Geçmiş hayatlarımızdan gelen travmatik anılar bazen bugünümüze anksiyete, panik atak, öfke, depresyon, fobiler, takıntılar, tekrarlayan ilişki problemleri, kabuslar, bloke olmuş duygular ve açıklanamayan fiziksel ağrılar olarak gelebiliyor.
Geçmiş Yaşam Regresyonu bu hayatın karışıklıklarının ötesini görmemizi sağlıyor ve şimdiki hayatımızı etkileyen geçmiş hayatımıza şifa getiriyor.

Regresyon çalışması şimdiki hayatın olduğu gibi geçmiş hayatların travmatik izlerini de iyileştiriyor ve derin bir ruhsal dönüşümü de beraberinde geliyor.
Bireyler  geçmişten gelen ve onların zihinsel, duygusal ve fiziksel iyi oluşlarını engelleyen olayları ve durumları serbest bırakabilir ve çözebilirler.
" Regresyon çalışması problemin kökeni üzerinde çalışır ve güvenli bir şekilde onu dönüştürür. "
Moreno'dan Psikodrama, Perl'den Gestalt, Reich'dan Beden Farkındalığı, Transpersonal Terapi ve en son olarak da Bessel Van der Kolk ve Harward Psikiyatri araştırmacılarının birlikte geliştirdiği Travma Terapisi, Regresyon çalışmasına katılmıştır.

Regresyon çalışması aracılığıyla, kişi derin seviyede fiziksel, duygusal, zihinsel ve ruhsal şifaya kavuşabilir.
Regresyon; Geçmiş yaşamımızda ya da şimdiki yaşamımızda yaşadığımız olayların bizde yarattığı inanç ve davranış kalıpları ve bunlara bağlı gelişen duyguların hayatımızda ki etkilerini fark edip bu olaylarla ilgili bakış açımızı yeniden düzenlememize de yardım eden bir araçtır.
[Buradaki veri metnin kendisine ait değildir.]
lemma measure_amplify_step_eq:
  assumes zA: "register_zero \<psi> (A k)" and zD: "register_zero \<psi> (D k)"
  shows "amplify_step d k (measure_step d bk k \<psi>) c =
    (if c Q < d \<and> c (A k) < d \<and> c (D k) = c (A k)
     then bk (c (A k)) (c Q) * outcome_amplitude d bk k \<psi> c else 0)"
proof (cases "c Q < d \<and> c (D k) < d \<and> c (A k) < d")
  case False
  then show ?thesis
    unfolding amplify_step_def measure_step_def by auto
next
  case True
  define c' where "c' = c(D k := (c (D k) + d - c (A k)) mod d)"
  have amp: "amplify_step d k (measure_step d bk k \<psi>) c = measure_step d bk k \<psi> c'"
    unfolding amplify_step_def c'_def using True by simp
  show ?thesis
  proof (cases "c (D k) = c (A k)")
    case False
    then have "c' (D k) \<noteq> 0"
      unfolding c'_def using True sub_mod_neq_0 by simp
    then have "\<psi> (c'(Q := q, A k := a)) = 0" for q a
      using zD unfolding register_zero_def by simp
    then show ?thesis
      unfolding amp unfolding measure_step_def using False by simp
  next
    case eq: True
    then have "c' = c(D k := 0)"
      unfolding c'_def using True by simp
    then have "c'(Q := q, A k := 0) = c(Q := q, A k := 0, D k := 0)" for q
      by (auto simp: fun_eq_iff)
    moreover have "c' Q = c Q" "c' (A k) = c (A k)"
      unfolding c'_def by simp_all
    ultimately show ?thesis
      unfolding amp outcome_amplitude_def using True eq by (simp add: measure_step_of_register_zero[OF zA])
  qed
qed

lemma sum_norm_measure_amplify_step:
  assumes ob: "orthonormal_basis d bk"
    and zA: "register_zero \<psi> (A k)" and zD: "register_zero \<psi> (D k)"
    and c0: "c0 (A k) = 0" "c0 (D k) = 0"
  shows "(\<Sum>q<d. \<Sum>v<d. \<Sum>a<d.
      (cmod (amplify_step d k (measure_step d bk k \<psi>) (c0(Q := q, D k := v, A k := a))))\<^sup>2)
    = (\<Sum>q<d. (cmod (\<psi> (c0(Q := q))))\<^sup>2)"
proof -
  define s where "s a = (\<Sum>q<d. cnj (bk a q) * \<psi> (c0(Q := q)))" for a
  have "outcome_amplitude d bk k \<psi> (c0(Q := q, D k := v, A k := a)) = s a" for q v a
    unfolding s_def by (subst outcome_amplitude_reset[OF c0]) auto
  then have step: "(cmod (amplify_step d k (measure_step d bk k \<psi>) (c0(Q := q, D k := v, A k := a))))\<^sup>2
      = (if v = a then (cmod (bk a q))\<^sup>2 * (cmod (s a))\<^sup>2 else 0)" if "q < d" "a < d" for q v a
    using that by (simp add: measure_amplify_step_eq[OF zA zD] norm_mult power_mult_distrib)
  have "(\<Sum>q<d. \<Sum>v<d. \<Sum>a<d.
      (cmod (amplify_step d k (measure_step d bk k \<psi>) (c0(Q := q, D k := v, A k := a))))\<^sup>2)
      = (\<Sum>q<d. \<Sum>a<d. \<Sum>v<d. if v = a then (cmod (bk a q))\<^sup>2 * (cmod (s a))\<^sup>2 else 0)"
    by (rule sum.cong[OF refl], rule sum.swap[THEN trans]) (simp add: step)
  also have "\<dots> = (\<Sum>a<d. \<Sum>q<d. (cmod (bk a q))\<^sup>2 * (cmod (s a))\<^sup>2)"
    by (subst sum.swap) (simp add: sum.delta')
  also have "\<dots> = (\<Sum>a<d. (cmod (s a))\<^sup>2)"
    by (simp add: sum_distrib_right[symmetric] orthonormal_basis_norm[OF ob])
  also have "\<dots> = (\<Sum>q<d. (cmod (\<psi> (c0(Q := q))))\<^sup>2)"
    unfolding s_def by (rule orthonormal_basis_parseval[OF ob])
  finally show ?thesis .
qed

lemma born_rule_measure_amplify_step:
  assumes ob: "orthonormal_basis d bk"
    and zA: "register_zero \<psi> (A k)" and zD: "register_zero \<psi> (D k)"
    and c0: "c0 (A k) = 0" "c0 (D k) = 0" and "w < d"
  shows "(\<Sum>q<d. \<Sum>a<d. (cmod (amplify_step d k (measure_step d bk k \<psi>) (c0(Q := q, A k := a, D k := w))))\<^sup>2)
    = (cmod (\<Sum>q<d. cnj (bk w q) * \<psi> (c0(Q := q))))\<^sup>2"
proof -
  define s where "s a = (\<Sum>q<d. cnj (bk a q) * \<psi> (c0(Q := q)))" for a
  have "outcome_amplitude d bk k \<psi> (c0(Q := q, A k := a, D k := v)) = s a" for q a v
    unfolding s_def by (subst outcome_amplitude_reset[OF c0]) auto
  then have "(\<Sum>a<d. (cmod (amplify_step d k (measure_step d bk k \<psi>) (c0(Q := q, A k := a, D k := w))))\<^sup>2)
      = (cmod (bk w q))\<^sup>2 * (cmod (s w))\<^sup>2" if "q < d" for q
    using that \<open>w < d\<close>
    by (simp add: measure_amplify_step_eq[OF zA zD] norm_mult power_mult_distrib if_distrib[of cmod]
        if_distrib[of "\<lambda>x::real. x\<^sup>2"] sum.delta' cong: if_cong)
  then have "(\<Sum>q<d. \<Sum>a<d. (cmod (amplify_step d k (measure_step d bk k \<psi>) (c0(Q := q, A k := a, D k := w))))\<^sup>2)
      = (\<Sum>q<d. (cmod (bk w q))\<^sup>2) * (cmod (s w))\<^sup>2"
    by (simp add: sum_distrib_right)
  then show ?thesis
    using orthonormal_basis_norm[OF ob \<open>w < d\<close>] s_def by simp
qed

text \<open>After the step, Q is in the basis vector selected by the outcome read off D k.\<close>
lemma overlap_measure_amplify_step:
  assumes ob: "orthonormal_basis d bk"
    and zA: "register_zero \<psi> (A k)" and zD: "register_zero \<psi> (D k)"
  defines "\<psi>' \<equiv> amplify_step d k (measure_step d bk k \<psi>)"
  shows "(cmod (\<Sum>q<d. v q * \<psi>' (c(Q := q))))\<^sup>2
    = (\<Sum>q<d. (cmod (\<psi>' (c(Q := q))))\<^sup>2) * (cmod (\<Sum>q<d. v q * bk (c (D k)) q))\<^sup>2"
proof (cases "c (A k) < d \<and> c (D k) = c (A k)")
  case True
  define t where "t = outcome_amplitude d bk k \<psi> c"
  have "outcome_amplitude d bk k \<psi> (c(Q := q)) = t" for q
    unfolding t_def outcome_amplitude_def by simp
  then have \<psi>': "\<psi>' (c(Q := q)) = (if q < d then bk (c (D k)) q * t else 0)" for q
    unfolding \<psi>'_def measure_amplify_step_eq[OF zA zD] using True by simp
  have "(\<Sum>q<d. (cmod (\<psi>' (c(Q := q))))\<^sup>2) = (\<Sum>q<d. (cmod (bk (c (D k)) q))\<^sup>2) * (cmod t)\<^sup>2"
    by (simp add: \<psi>' norm_mult power_mult_distrib sum_distrib_right)
  also have "\<dots> = (cmod t)\<^sup>2"
    using orthonormal_basis_norm[OF ob] True by simp
  moreover have "(\<Sum>q<d. v q * \<psi>' (c(Q := q))) = t * (\<Sum>q<d. v q * bk (c (D k)) q)"
    by (simp add: \<psi>' sum_distrib_left mult_ac)
  ultimately show ?thesis
    by (simp add: norm_mult power_mult_distrib)
next
  case False
  then have "\<psi>' (c(Q := q)) = 0" for q
    unfolding \<psi>'_def measure_amplify_step_eq[OF zA zD] by auto
  then show ?thesis by simp
qed

section \<open>The joint distribution of the detectors\<close>

lemma active_Suc: "active p (Suc k) = insert (A (Suc k)) (insert (D (Suc k)) (active p k))"
  unfolding active_def by (auto simp: atLeastAtMostSuc_conv)

lemma merge_upd_outside: "l \<notin> L \<Longrightarrow> merge L y (e(l := v)) = (merge L y e)(l := v)"
  unfolding merge_def by (auto simp: fun_eq_iff)

lemma merge_insert: "merge (insert l L) y e = (merge L y e)(l := y l)"
  unfolding merge_def by (auto simp: fun_eq_iff)

definition transition_prob ::
    "nat \<Rightarrow> (nat \<Rightarrow> nat \<Rightarrow> complex) \<Rightarrow> (nat \<Rightarrow> nat \<Rightarrow> complex) \<Rightarrow> nat \<Rightarrow> nat \<Rightarrow> real" where
  "transition_prob d bk bk' u w = (cmod (\<Sum>q<d. cnj (bk' w q) * bk u q))\<^sup>2"

lemma transition_prob_nonneg: "0 \<le> transition_prob d bk bk' u w"
  unfolding transition_prob_def by simp

lemma sum_transition_prob:
  assumes "orthonormal_basis d bk" and "orthonormal_basis d bk'" and "u < d"
  shows "(\<Sum>w<d. transition_prob d bk bk' u w) = 1"
  unfolding transition_prob_def orthonormal_basis_parseval[OF assms(2)] orthonormal_basis_norm[OF assms(1,3)] ..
Hayatımızda sorun, sıkıntı, hastalık gibi yaşadığımız tüm olumsuzlukların sebepleri biz farkında olsak da olmasak da içimizde, bilinçaltımızda kayıtlıdır.  Geçmiş Yaşam, Regresyon çalışmaları ile bu kayıtlar bulunur ve etkileri ortadan kaldırılır. Böylece bu yaşama yansıyan etkileri de ortadan kalkmış olur.
 " Regresyon için; Kişinin kendi ile yaptığı bir çeşit yüzleşmedir diyebiliriz. Kendi içinde fark ettiği negatif olumsuz etkilerin temizlenme ve arınma sürecidir. "
 Bu çalışma ile asıl olanın yaşamda ki deneyimler olduğunu yeniden hatırlayarak ve deneyimleyerek fark etmek rahatlatıcı bir durumdur.

 Regresyon terapisi sırasında; tüm söylenilenler, dışarıdan gelen tüm sesleri duyarken aynı zamanda bilincinizin bir başka boyutu da geçmiş yaşamınızı deneyimliyor olacaktır. Danışanın katılımı ile yaşanılan sorunlara kökten çözüm sağlanabilmektedir.


Geçmiş yaşam çalışması için, yeniden doğuşa inanmak gerekli midir?

Yaşamımızda var olan sorunlarımızın kökenleri için birçok teori ortaya atılmıştır.

Bunlar;

•    Tekrar tekrar doğuyoruz ve gelirken eski kayıtları da beraberimizde getiriyoruz.
•    Atalarımızdan bize duygusal kayıtlar miras olarak geliyor.
•    Kollektif bilinç teorisi.
gibi teoriler ile açıklanmaya çalışılmıştır.

Ancak bu çalışmalar için  yeniden doğuşa inanma zorunluluğu bulunmamaktadır.

Bu teorilerden hangisinin doğru olduğunun da önemi yoktur…

Önemli olan bu kayıtların, hayatımıza yön vermesinin yapılan çalışmalar ile farkına varılıp bunların şifalanmasıdır.